Linux logs are the bread and butter of every seasoned Linux pro. They´re like treasure maps, guiding us through the labyrinth of system activities and helping us unravel their mysteries when troubleshooting. If anything goes wrong, they give a useful overview of events in order to help you, the administrator, seek out the culprits.
In this article, we´ll dive deep into the world of Linux logs. By the end of this exploration, you’ll be equipped with the knowledge and skills to navigate and leverage logs with confidence and precision.
Linus logs essentials
Linux logs are typically stored in the /var/log directory and its subdirectories. Within the /var/log directory, logs are organized into subdirectories based on their respective categories or sources. For example:
System Logs: System-related logs, such as kernel messages, boot logs, and general system activity logs, are stored directly in the /var/log directory.
Application Logs: Logs generated by specific applications, such as Apache web server logs (/var/log/apache2/), MySQL database server logs (/var/log/mysql/), and mail server logs (/var/log/mail/), are stored in separate subdirectories.
Service Logs: Logs generated by system services, daemons, and background processes are typically stored in subdirectories named after the corresponding services. For example, logs for the SSH service may be found in /var/log/sshd/.
User Logs: Logs related to user activities, such as login/logout records and command history, are stored in the /var/log/ directory or its subdirectories, such as /var/log/auth.log.
Organizing logs into specific directories facilitates easy access, management, and analysis, allowing system administrators to efficiently monitor and troubleshoot system activities.
For problems relating to particular apps, the developer decides where best to put the log of events. So with Google Chrome for instance, any time it hangs, you want to look in ‘~/.chrome/Crash Reports’ to discover the gory details of what tripped the system up.
As you can see, Linux log files cover all kinds of things, like system, kernel, package managers, MySQL and more. But now, we’ll focus on system logs.

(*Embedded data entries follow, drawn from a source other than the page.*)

text \<open>Outside the support the gradient vanishes too, since \<open>\<phi>\<close> is locally constant there.\<close>

lemma C1c_fun_vanishing:
  fixes \<phi> :: "'a::euclidean_space \<Rightarrow> real"
  assumes "C1c_fun \<phi>"
  obtains r where "\<And>x. r \<le> norm x \<Longrightarrow> \<phi> x = 0 \<and> grad \<phi> x = 0"
proof -
  obtain r0 where r0: "\<forall>x \<in> closure {x. \<phi> x \<noteq> 0}. norm x \<le> r0"
    using assms unfolding C1c_fun_def by (meson bounded_iff compact_imp_bounded)
  have zero: "\<phi> y = 0" if "r0 < norm y" for y
    using r0 closure_subset[of "{x. \<phi> x \<noteq> 0}"] that by force
  have "\<phi> x = 0 \<and> grad \<phi> x = 0" if "r0 + 1 \<le> norm x" for x
  proof
    show "\<phi> x = 0" using that zero by simp
    have "\<phi> y = 0" if "y \<in> ball x 1" for y
      using that \<open>r0 + 1 \<le> norm x\<close> zero norm_triangle_ineq2[of x y]
      by (simp add: dist_norm norm_minus_commute)
    then have "GDERIV \<phi> x :> 0"
      unfolding gderiv_def inner_zero_right
      by (intro has_derivative_transform_within_open[OF has_derivative_const[of 0] open_ball[of x 1]]) simp_all
    then show "grad \<phi> x = 0" by (rule grad_eqI)
  qed
  then show ?thesis using that by blast
qed

lemma C1c_fun_mult:
  fixes u \<phi> :: "'a::euclidean_space \<Rightarrow> real"
  assumes "C1_fun u" "C1c_fun \<phi>"
  shows "C1c_fun (\<lambda>x. u x * \<phi> x)"
proof -
  obtain r where "\<And>x. r \<le> norm x \<Longrightarrow> \<phi> x = 0 \<and> grad \<phi> x = 0"
    using C1c_fun_vanishing[OF assms(2)] by blast
  then show ?thesis
    using assms by (intro C1c_funI[where r = r] C1_fun_mult) (auto simp: C1c_fun_def)
qed

lemma L1_loc_one: "L1_loc (\<lambda>x::'a::euclidean_space. 1::real)"
  unfolding L1_loc_def set_integrable_def
proof (intro allI impI)
  fix K :: "'a set"
  assume "compact K"
  then have "integrable lebesgue (indicator K :: 'a \<Rightarrow> real)"
    using emeasure_compact_finite[of K]
    by (intro integrable_real_indicator) (auto simp: compact_imp_closed)
  then show "integrable lebesgue (\<lambda>x. indicator K x *\<^sub>R (1::real))" by simp
qed

lemma L1_loc_integrable_mult:
  fixes w h :: "'a::euclidean_space \<Rightarrow> real"
  assumes w: "L1_loc w" and h: "continuous_on UNIV h" and h0: "\<And>x. r \<le> norm x \<Longrightarrow> h x = 0"
  shows "integrable lebesgue (\<lambda>x. w x * h x)"
proof -
  define K where "K = cball (0::'a) r"
  have "set_integrable lebesgue K w" using w by (simp add: L1_loc_def K_def)
  then have iw: "integrable lebesgue (\<lambda>x. indicator K x *\<^sub>R w x)" by (simp add: set_integrable_def)
  have "bounded (h ` K)"
    unfolding K_def using h
    by (meson compact_cball compact_continuous_image compact_imp_bounded continuous_on_subset subset_UNIV)
  then obtain B where B: "\<And>x. x \<in> K \<Longrightarrow> \<bar>h x\<bar> \<le> B" by (auto simp: bounded_iff)
  have eq: "(\<lambda>x. w x * h x) = (\<lambda>x. indicator K x *\<^sub>R w x * h x)"
  proof
    fix x
    show "w x * h x = indicator K x *\<^sub>R w x * h x"
      using h0[of x] by (cases "x \<in> K") (auto simp: K_def)
  qed
  have bound: "AE x in lebesgue. norm (indicator K x *\<^sub>R w x * h x) \<le> norm (B * (indicator K x *\<^sub>R w x))"
  proof (rule AE_I2)
    fix x
    show "norm (indicator K x *\<^sub>R w x * h x) \<le> norm (B * (indicator K x *\<^sub>R w x))"
    proof (cases "x \<in> K")
      case True
      then have "\<bar>h x\<bar> \<le> B" by (rule B)
      then show ?thesis using True by (simp add: abs_mult mult.commute[of "\<bar>w x\<bar>"] mult_right_mono)
    qed simp
  qed
  have "h \<in> borel_measurable lebesgue"
    using h by (simp add: borel_measurable_continuous_onI measurable_completion)
  then have "(\<lambda>x. indicator K x *\<^sub>R w x * h x) \<in> borel_measurable lebesgue"
    using borel_measurable_integrable[OF iw] by measurable
  then show ?thesis
    unfolding eq using Bochner_Integration.integrable_bound[OF integrable_mult_right[OF iw] _ bound] by blast
qed

lemma L1_loc_integrable_indicator_ball:
  fixes w :: "'a::euclidean_space \<Rightarrow> real"
  assumes "L1_loc w"
  shows "integrable lebesgue (\<lambda>x. w x * indicator (ball 0 r) x)"
proof -
  have "set_integrable lebesgue (cball 0 r) w" using assms by (simp add: L1_loc_def)
  then have "set_integrable lebesgue (ball 0 r) w" by (rule set_integrable_subset) auto
  then show ?thesis by (simp add: set_integrable_def mult.commute)
qed

lemma max0_power_has_real_derivative:
  assumes k: "2 \<le> k"
  shows "((\<lambda>t. (max 0 t) ^ k) has_real_derivative real k * (max 0 t) ^ (k - 1)) (at t)"
proof -
  consider "0 < t" | "t < 0" | "t = 0" by linarith
  then show ?thesis
  proof cases
    case 1
    have "((\<lambda>t. t ^ k) has_real_derivative real k * (max 0 t) ^ (k - 1)) (at t)"
      using 1 by (auto intro!: derivative_eq_intros)
    then show ?thesis
      by (rule has_field_derivative_transform_within_open[where S = "{0<..}"]) (use 1 in auto)
  next
    case 2
    have "((\<lambda>t. 0) has_real_derivative real k * (max 0 t) ^ (k - 1)) (at t)"
      using 2 k by (auto intro!: derivative_eq_intros)
    then show ?thesis
      by (rule has_field_derivative_transform_within_open[where S = "{..<0}"]) (use 2 k in auto)
  next
    case 3
    have "((\<lambda>h::real. (max 0 h) ^ k / h) \<longlongrightarrow> 0) (at 0)"
    proof (rule Lim_null_comparison)
      show "\<forall>\<^sub>F h in at 0. norm ((max 0 h) ^ k / h) \<le> \<bar>h\<bar> ^ (k - 1)"
      proof (rule always_eventually, rule allI)
        fix h :: real
        obtain j where j: "k = Suc j" using k by (cases k) auto
        have "norm ((max 0 h) ^ k / h) \<le> \<bar>h\<bar> ^ k / \<bar>h\<bar>"
          by (simp add: abs_div) (intro divide_right_mono power_mono, auto)
        also have "\<dots> \<le> \<bar>h\<bar> ^ (k - 1)" by (cases "h = 0") (auto simp: j)
        finally show "norm ((max 0 h) ^ k / h) \<le> \<bar>h\<bar> ^ (k - 1)" .
      qed
      show "((\<lambda>h. \<bar>h\<bar> ^ (k - 1)) \<longlongrightarrow> 0) (at (0::real))"
        using k by (auto intro!: tendsto_eq_intros)
    qed
    then show ?thesis using 3 k by (simp add: DERIV_def power_0_left)
  qed
qed

definition cutoff_base :: "real \<Rightarrow> 'a::euclidean_space \<Rightarrow> real" where
  "cutoff_base R x = max 0 (1 - (x \<bullet> x) / (4 * R\<^sup>2))"

definition cutoff :: "nat \<Rightarrow> real \<Rightarrow> 'a::euclidean_space \<Rightarrow> real" where
  "cutoff k R x = cutoff_base R x ^ k"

How can I check Linux logs?
To access the system directory of a Linux or UNIX-style operating system you will need to tap in the cd command. From here, you can look at system logs using the cd /var/log command. Type ls to bring up the logs in this directory. Syslog is one of the main ones that you want to be looking at because it keeps track of virtually everything, except auth-related messages.
You also use /var/log/syslog to scrutinise anything that’s under the syslog. But picking out one particular thing will take some time because it’s usually a pretty big file to wade through. Pressing Shift+G will take you all the way to the end, and you’ll know you’re there because you will see the word “END.”

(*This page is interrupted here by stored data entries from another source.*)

lemma tle_parent: "x \<in> V \<Longrightarrow> x \<noteq> r \<Longrightarrow> x \<preceq> p x"
  unfolding tree_le_def using parent_in_V edge_iff by blast

lemma parent_tle_of_less:
  assumes "x \<preceq> y" "x \<noteq> y"
  shows "x \<noteq> r \<and> p x \<preceq> y"
proof -
  obtain z where "(x, z) \<in> E" "(z, y) \<in> E\<^sup>*"
    using assms unfolding tree_le_def by (metis converse_rtranclE)
  then show ?thesis using assms parent_in_V unfolding tree_le_def edge_iff by auto
qed

lemma cycle_parent: "(z, z) \<in> E\<^sup>+ \<Longrightarrow> z \<noteq> r \<and> (p z, p z) \<in> E\<^sup>+"
proof -
  assume "(z, z) \<in> E\<^sup>+"
  then obtain y where "(z, y) \<in> E" "(y, z) \<in> E\<^sup>*" by (meson tranclD)
  then show ?thesis using edge_iff by (metis rtrancl_into_trancl1)
qed

lemma no_cycle: "(x, x) \<notin> E\<^sup>+"
proof
  assume cycle: "(x, x) \<in> E\<^sup>+"
  then have "x \<in> V" using edge_iff by (metis converse_tranclE)
  then obtain k where "(p ^^ k) x = r" using reaches_root by blast
  moreover have "((p ^^ k) x, (p ^^ k) x) \<in> E\<^sup>+"
    by (induction k) (use cycle cycle_parent in auto)
  ultimately show False using cycle_parent by metis
qed

lemma tle_antisym:
  assumes "x \<preceq> y" "y \<preceq> x"
  shows "x = y"
proof (rule ccontr)
  assume "x \<noteq> y"
  then have "(x, y) \<in> E\<^sup>+"
    using assms(1) unfolding tree_le_def by (metis rtrancl_eq_or_trancl)
  moreover have "(y, x) \<in> E\<^sup>*" using assms(2) unfolding tree_le_def by auto
  ultimately show False using no_cycle by (meson trancl_rtrancl_trancl)
qed

lemma tle_upper_linear:
  assumes "z \<preceq> x" "z \<preceq> y"
  shows "x \<preceq> y \<or> y \<preceq> x"
proof -
  have "(z, x) \<in> E\<^sup>*" using assms unfolding tree_le_def by auto
  then have "\<forall>y. (z, y) \<in> E\<^sup>* \<longrightarrow> (x, y) \<in> E\<^sup>* \<or> (y, x) \<in> E\<^sup>*"
  proof (induction rule: converse_rtrancl_induct)
    case base
    then show ?case by auto
  next
    case (step z z')
    show ?case
    proof (intro allI impI)
      fix y
      assume "(z, y) \<in> E\<^sup>*"
      then consider "y = z" | "(z', y) \<in> E\<^sup>*"
        using step.hyps(1) edge_iff by (metis converse_rtranclE)
      then show "(x, y) \<in> E\<^sup>* \<or> (y, x) \<in> E\<^sup>*"
        using step by (cases) (meson converse_rtrancl_into_rtrancl, blast)
    qed
  qed
  then show ?thesis using assms unfolding tree_le_def by auto
qed

definition ornament_at :: "'a \<Rightarrow> 'a set \<Rightarrow> bool" where
  "ornament_at v S \<longleftrightarrow> v \<in> S \<and> (\<forall>x\<in>S. x \<preceq> v \<and> (x \<noteq> v \<longrightarrow> p x \<in> S))"

abbreviation induced :: "'a set \<Rightarrow> ('a \<times> 'a) set" where
  "induced S \<equiv> (E \<union> E\<inverse>) \<inter> (S \<times> S)"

You can also check logs using dmesg. This shows the kernel ring buffer and prints everything after sending you to the end of the file. You can then use the dmesg | less command to scroll through everything it has produced. If you’d like to see log entries relating to the user facility, use dmesg –facility=user.
Finally, as a super-handy command called tail, which lets you look over log files. It’s so useful because it just displays the last bit of the logs. Which is often where you’ll find the source of the difficulty. Use tail /var/log/syslog or tail -f /var/log/syslog. Tail keeps a close eye on the log file, and displays every written to it, which lets you check what’s being added to syslog in real time.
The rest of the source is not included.